**** Data supplied ****
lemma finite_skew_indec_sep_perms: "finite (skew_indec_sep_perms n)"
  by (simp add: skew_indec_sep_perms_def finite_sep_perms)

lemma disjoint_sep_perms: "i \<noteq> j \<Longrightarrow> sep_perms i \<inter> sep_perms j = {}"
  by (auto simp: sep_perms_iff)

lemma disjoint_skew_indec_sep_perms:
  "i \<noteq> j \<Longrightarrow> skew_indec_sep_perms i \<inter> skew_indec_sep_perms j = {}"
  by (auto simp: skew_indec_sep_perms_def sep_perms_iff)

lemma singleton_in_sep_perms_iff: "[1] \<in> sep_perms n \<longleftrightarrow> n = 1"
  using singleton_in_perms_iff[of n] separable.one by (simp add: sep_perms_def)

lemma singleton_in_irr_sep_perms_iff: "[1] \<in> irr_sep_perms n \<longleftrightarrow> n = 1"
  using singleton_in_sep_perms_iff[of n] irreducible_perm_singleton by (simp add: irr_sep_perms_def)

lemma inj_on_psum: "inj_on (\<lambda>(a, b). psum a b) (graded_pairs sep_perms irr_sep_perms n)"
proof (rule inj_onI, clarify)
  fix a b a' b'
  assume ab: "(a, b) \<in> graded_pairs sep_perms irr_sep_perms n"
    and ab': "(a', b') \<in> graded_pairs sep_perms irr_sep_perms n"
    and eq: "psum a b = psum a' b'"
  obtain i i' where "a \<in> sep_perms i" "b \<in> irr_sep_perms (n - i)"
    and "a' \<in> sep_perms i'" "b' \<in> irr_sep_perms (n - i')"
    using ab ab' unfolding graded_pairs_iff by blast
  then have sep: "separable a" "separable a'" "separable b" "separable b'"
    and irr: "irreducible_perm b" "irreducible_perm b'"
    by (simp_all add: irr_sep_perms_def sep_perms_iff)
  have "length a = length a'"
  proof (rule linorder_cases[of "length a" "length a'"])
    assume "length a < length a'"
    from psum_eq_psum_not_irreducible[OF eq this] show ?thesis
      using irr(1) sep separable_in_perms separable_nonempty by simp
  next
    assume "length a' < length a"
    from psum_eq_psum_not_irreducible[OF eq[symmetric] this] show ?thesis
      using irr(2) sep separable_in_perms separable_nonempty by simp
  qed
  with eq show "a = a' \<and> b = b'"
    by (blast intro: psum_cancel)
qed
****
**** Data supplied ****
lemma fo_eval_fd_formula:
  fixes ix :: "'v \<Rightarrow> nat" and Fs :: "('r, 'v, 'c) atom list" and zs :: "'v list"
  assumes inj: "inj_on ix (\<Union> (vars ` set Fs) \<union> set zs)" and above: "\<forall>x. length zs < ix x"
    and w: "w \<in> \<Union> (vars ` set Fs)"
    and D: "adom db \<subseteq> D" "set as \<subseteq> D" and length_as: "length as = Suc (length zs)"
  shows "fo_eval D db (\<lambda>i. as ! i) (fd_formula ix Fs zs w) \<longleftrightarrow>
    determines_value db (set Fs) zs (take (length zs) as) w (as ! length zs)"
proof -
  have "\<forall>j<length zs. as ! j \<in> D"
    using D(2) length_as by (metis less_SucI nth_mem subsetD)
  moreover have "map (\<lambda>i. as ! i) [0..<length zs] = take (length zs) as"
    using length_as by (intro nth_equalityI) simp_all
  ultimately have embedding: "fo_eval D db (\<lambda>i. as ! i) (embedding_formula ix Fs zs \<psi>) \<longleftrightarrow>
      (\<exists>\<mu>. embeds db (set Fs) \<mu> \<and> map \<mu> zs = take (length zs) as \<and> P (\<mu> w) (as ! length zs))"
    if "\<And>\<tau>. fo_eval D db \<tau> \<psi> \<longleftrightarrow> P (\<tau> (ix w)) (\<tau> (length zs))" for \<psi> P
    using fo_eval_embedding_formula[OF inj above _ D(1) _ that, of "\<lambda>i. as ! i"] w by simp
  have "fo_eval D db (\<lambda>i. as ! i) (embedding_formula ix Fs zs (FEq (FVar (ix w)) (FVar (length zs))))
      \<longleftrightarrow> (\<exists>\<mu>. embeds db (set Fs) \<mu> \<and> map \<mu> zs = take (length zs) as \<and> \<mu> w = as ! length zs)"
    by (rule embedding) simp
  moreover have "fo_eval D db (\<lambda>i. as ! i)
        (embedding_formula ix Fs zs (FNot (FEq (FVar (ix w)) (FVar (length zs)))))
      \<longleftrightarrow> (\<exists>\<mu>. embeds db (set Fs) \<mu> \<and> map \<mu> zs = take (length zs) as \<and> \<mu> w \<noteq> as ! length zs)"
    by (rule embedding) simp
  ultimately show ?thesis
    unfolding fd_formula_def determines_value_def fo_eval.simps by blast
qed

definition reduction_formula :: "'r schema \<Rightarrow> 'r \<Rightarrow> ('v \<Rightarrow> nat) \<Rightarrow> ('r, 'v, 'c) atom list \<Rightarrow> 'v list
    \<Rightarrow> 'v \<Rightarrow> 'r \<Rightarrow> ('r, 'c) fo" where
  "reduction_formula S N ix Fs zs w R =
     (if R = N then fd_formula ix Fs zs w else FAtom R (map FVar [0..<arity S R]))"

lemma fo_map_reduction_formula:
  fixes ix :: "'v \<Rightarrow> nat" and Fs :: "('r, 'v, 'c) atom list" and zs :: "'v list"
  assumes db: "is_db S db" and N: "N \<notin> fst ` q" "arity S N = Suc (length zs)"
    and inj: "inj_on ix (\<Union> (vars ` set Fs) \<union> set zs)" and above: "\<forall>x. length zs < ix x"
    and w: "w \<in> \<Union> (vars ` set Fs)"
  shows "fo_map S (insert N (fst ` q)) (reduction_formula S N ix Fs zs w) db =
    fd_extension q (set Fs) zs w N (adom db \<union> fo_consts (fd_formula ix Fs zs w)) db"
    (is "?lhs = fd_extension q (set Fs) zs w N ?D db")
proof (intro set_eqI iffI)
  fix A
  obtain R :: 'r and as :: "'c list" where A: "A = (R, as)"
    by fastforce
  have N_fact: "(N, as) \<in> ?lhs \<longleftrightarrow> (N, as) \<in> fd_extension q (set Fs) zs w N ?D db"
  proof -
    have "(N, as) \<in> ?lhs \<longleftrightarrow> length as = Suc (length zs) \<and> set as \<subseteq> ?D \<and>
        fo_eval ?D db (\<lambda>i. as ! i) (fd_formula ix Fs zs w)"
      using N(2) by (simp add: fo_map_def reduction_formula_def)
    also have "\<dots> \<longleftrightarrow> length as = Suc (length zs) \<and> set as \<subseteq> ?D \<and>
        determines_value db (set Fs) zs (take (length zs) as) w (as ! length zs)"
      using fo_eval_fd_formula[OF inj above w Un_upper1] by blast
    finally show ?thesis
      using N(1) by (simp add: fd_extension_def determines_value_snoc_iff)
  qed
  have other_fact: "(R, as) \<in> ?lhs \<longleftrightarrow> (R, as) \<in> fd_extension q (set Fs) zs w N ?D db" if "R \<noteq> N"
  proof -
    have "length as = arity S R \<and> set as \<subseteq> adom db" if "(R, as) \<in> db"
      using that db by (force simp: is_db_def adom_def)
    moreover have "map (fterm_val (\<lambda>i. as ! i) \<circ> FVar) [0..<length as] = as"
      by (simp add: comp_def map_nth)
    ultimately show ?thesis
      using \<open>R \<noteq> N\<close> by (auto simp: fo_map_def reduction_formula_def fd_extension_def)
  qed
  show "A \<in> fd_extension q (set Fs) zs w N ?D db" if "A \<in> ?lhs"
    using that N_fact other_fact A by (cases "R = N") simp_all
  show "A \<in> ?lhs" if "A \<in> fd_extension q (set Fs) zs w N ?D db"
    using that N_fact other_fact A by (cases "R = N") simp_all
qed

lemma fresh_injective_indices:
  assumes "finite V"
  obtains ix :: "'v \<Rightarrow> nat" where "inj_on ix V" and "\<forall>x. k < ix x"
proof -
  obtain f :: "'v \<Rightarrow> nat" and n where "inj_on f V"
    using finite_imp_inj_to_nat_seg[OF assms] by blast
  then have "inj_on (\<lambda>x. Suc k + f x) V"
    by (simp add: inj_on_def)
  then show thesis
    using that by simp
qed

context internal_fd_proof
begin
****
* [Work instruction] Beginning with the line that has "fo_eval ?D db" and ending with the line that has "R \<and> set", set down the lines above exactly and include no others.

* [Response to this task]
        fo_eval ?D db (\<lambda>i. as ! i) (fd_formula ix Fs zs w)"
      using N(2) by (simp add: fo_map_def reduction_formula_def)
    also have "\<dots> \<longleftrightarrow> length as = Suc (length zs) \<and> set as \<subseteq> ?D \<and>
        determines_value db (set Fs) zs (take (length zs) as) w (as ! length zs)"
      using fo_eval_fd_formula[OF inj above w Un_upper1] by blast
    finally show ?thesis
      using N(1) by (simp add: fd_extension_def determines_value_snoc_iff)
  qed
  have other_fact: "(R, as) \<in> ?lhs \<longleftrightarrow> (R, as) \<in> fd_extension q (set Fs) zs w N ?D db" if "R \<noteq> N"
  proof -
    have "length as = arity S R \<and> set as \<subseteq> adom db" if "(R, as) \<in> db"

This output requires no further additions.